The Tabular Data Stream (TDS) protocol is an application-level protocol used for the transfer of requests and responses between clients and database server systems, such as SQL Server®, in enterprise and cloud-based systems. In such systems, the client will typically establish a long-lived connection with the server. Once the connection is established using a transport-level protocol, TDS messages are used to communicate between the client and the server. The TDS session is directly tied to the transport-level session, meaning that a TDS session is established when the transport-level connection is established and the server receives a request to establish a TDS connection. It persists until the transport-level connection is terminated, such as when a TCP socket is closed. TDS does not make any assumption about the transport protocol used, but assumes that the transport protocol supports reliable, in-order delivery of the data.
TDS includes facilities for authentication and identification, channel encryption negotiation, issuing of SQL batches, stored procedure calls, returning data, and transaction manager requests. TDS packets are encapsulated in the packets built for the protocol stack used by the Net-Libraries. For example, if the system uses the TCP/IP Sockets Net-Library, then the TDS packets are encapsulated in the TCP/IP packets of the underlying protocol.
In current database systems, a physical connection generated on a client driver cannot be correlated to a connection on the database server. Therefore, users cannot match what happened with the connection generated at the client machine to what was processed on the server. In one solution, developers may attempt to gather this information using network monitor or “netmon” tracing. Netmon tracing can be used to make a best case guess of which packet sent by TDS from the client correlated to what happened on the server. However, this solution does not work when the packets pass through a proxy server or used named pipes to connect. In another solution, for SQL Azure™ and SQL Server® post connection analysis, developers may query for connection identification information from system management views and store this value on the client driver to correlate the database's physical connection with the client connection that was opened. However, this solution only works post-login or when a connection open does not abruptly fail.
This Summary is provided to introduce a selection of concepts in a simplified form that are further described below in the Detailed Description. This Summary is not intended to identify key features or essential features of the claimed subject matter, nor is it intended to be used to limit the scope of the claimed subject matter.
Embodiments provide correlated tracing of connections on client drivers to connections on the server. This tracing is accomplished using an optional pre-login data session that is added to the TDS protocol to enable correlated tracing of connections
In one embodiment, a sixteen-byte connection identifier is logged at each layer of the stack to enable correlation of connections. For example, the connection identifier may be logged using pre-login BID (Built-In Diagnostics) trace points on the client drivers, TDS protocol implementations, and server-side SNI (SQL Server Network Interface) layers. The connection identifier is exposed using APIs on the client connection object and exception object. The connection identifier sent through pre-login data packet logs into an Extended Event on the server to correlate a server connection to a client connection.
To further clarify the above and other advantages and features of embodiments of the present invention, a more particular description of embodiments of the present invention will be rendered by reference to the appended drawings. It is appreciated that these drawings depict only typical embodiments of the invention and are therefore not to be considered limiting of its scope. The invention will be described and explained with additional specificity and detail through the use of the accompanying drawings in which:
In operation, each client 201 opens a connection 207 or pipe to a database 205. For example, a user at client 201 a enters a user-identifier and password to set-up a connection to database 205n. Requests, such as SQL batch and RPC requests, may be sent to the database 205n over that connection 207. When an error occurs on a connection 207 it is difficult to troubleshoot these problems in existing systems. All activity for connection 207, such as error messages, tracing, and logging, is captured to operation store (OP store) 208. There are thousands of connections active at one time. This creates a problem for a troubleshooter who often cannot determine which connection 207 is relevant to a particular client 201.

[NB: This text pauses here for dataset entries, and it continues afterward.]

theorem lemma5p12:
  fixes A :: "'a::metric_space set" and f :: "'a \<Rightarrow> 'b::metric_space"
  assumes "A \<noteq> {}"
    and "hyperconvex (UNIV :: 'b set)"
    and "f \<in> nonexp_maps A"
  shows "ext_hyperconvex (nonexp_maps UNIV) (sup_dist UNIV) (Phi_c A f)"
  unfolding ext_hyperconvex_def
proof (intro conjI allI impI)
  show "Phi_c A f \<subseteq> nonexp_maps UNIV"
    by (auto simp: Phi_c_def)
  fix F :: "(('a \<Rightarrow> 'b) \<times> real) set"
  assume "fst ` F \<subseteq> nonexp_maps UNIV \<and>
    (\<forall>(g,r)\<in>F. \<forall>(g',r')\<in>F. sup_dist UNIV g g' \<le> r + r') \<and>
    (\<forall>(g,r)\<in>F. (INF e\<in>Phi_c A f. sup_dist UNIV g e) \<le> r)"
  then have F_maps: "fst ` F \<subseteq> nonexp_maps UNIV"
    and F_meet: "\<And>g r g' r'. (g,r) \<in> F \<Longrightarrow> (g',r') \<in> F \<Longrightarrow> sup_dist UNIV g g' \<le> r + r'"
    and F_near: "\<And>g r. (g,r) \<in> F \<Longrightarrow> (INF e\<in>Phi_c A f. sup_dist UNIV g e) \<le> r"
    by auto
  have F_bounded: "bounded (range g)" and F_nonexp: "\<forall>x x'. dist (g x) (g x') \<le> dist x x'"
    if "(g,r) \<in> F" for g r
    using F_maps rev_image_eqI[OF that, of g fst] unfolding nonexp_maps_def by auto
  note near = near_Phi_c_pointwise[OF Phi_c_nonempty[OF assms] F_bounded F_near]
  have "\<exists>h\<in>Phi_c A f. \<forall>(g,r)\<in>F. \<forall>x. dist (h x) (g x) \<le> r"
  proof (rule Phi_c_element_near_maps[OF assms])
    show "dist (g x) (g x') \<le> dist x x'" if "(g,r) \<in> F" for g r x x'
      using F_nonexp[OF that] by blast
    show "dist (g x) (g' x) \<le> r + r'" if "(g,r) \<in> F" "(g',r') \<in> F" for g r g' r' x
      using dist_le_sup_dist[OF F_bounded F_bounded, OF that, of x] F_meet[OF that] by linarith
    show "dist (f a) (g a) \<le> r" if "(g,r) \<in> F" "a \<in> A" for g r a
      using near(1)[OF that(1) that(1) that(2)] .
    show "dist c (g x) \<le> s + r" if "(g,r) \<in> F" "f ` A \<subseteq> cball c s" for g r x c s
      using near(2)[OF that(1) that(1) that(2)] .
  qed
  then obtain h where "h \<in> Phi_c A f" and h_near: "\<forall>(g,r)\<in>F. \<forall>x. dist (h x) (g x) \<le> r" ..
  moreover have "sup_dist UNIV g h \<le> r" if "(g,r) \<in> F" for g r
    using h_near that by (intro sup_dist_le) (auto simp: dist_commute)
  ultimately show "\<exists>h\<in>Phi_c A f. \<forall>(g,r)\<in>F. sup_dist UNIV g h \<le> r"
    by blast
qed

end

TDS protocol 302 is an application-level protocol used for the transfer of requests and responses between client driver 301 and database engine 303 as described above. SQL engine 303 corresponds to SQL database 103 (
In a typical client application, the stack 300 is used by a client application to open a connection to a SQL Server and to execute requests. The client driver 301 first establishes a physical connection to the SQL server 303. The client driver 301 then sends a PRELOGIN packet to set up a context for login. An authentication mechanism is used to support user accounts on SQL server 303. The username and password of the user account are transmitted as part of the LOGIN message that the client sends to the server. The client 301 may have more than one connection to the server 303, but each one is established separately in the same way. After the server 303 has received the login record from the client 301, it will notify the client 301 that it has either accepted or rejected the connection request.
The client application will sometimes fail when it attempts to connect to the database. For example, the client application may fail if the network is down due to a bad router or a network hardware problem. Other failures may occur when the application running on the client machine is slow to send the request, the client machine crashes, or the client driver fails. Problems with the SQL engine may also cause failures, such as when the SQL Server is too busy to respond to a connection request. In existing systems, there is no way to determine what caused these failures. Instead, users could track a packet through each part of the stack in an attempt to identify how far a packet traveled through the system and thereby determine where a failure occurred. Because thousands of packets are sent thorough the system, it was very difficult to identify and track individual packets. Therefore, it is difficult to trouble shoot the system and to correlate what happened at the client driver to what happened at the SQL engine.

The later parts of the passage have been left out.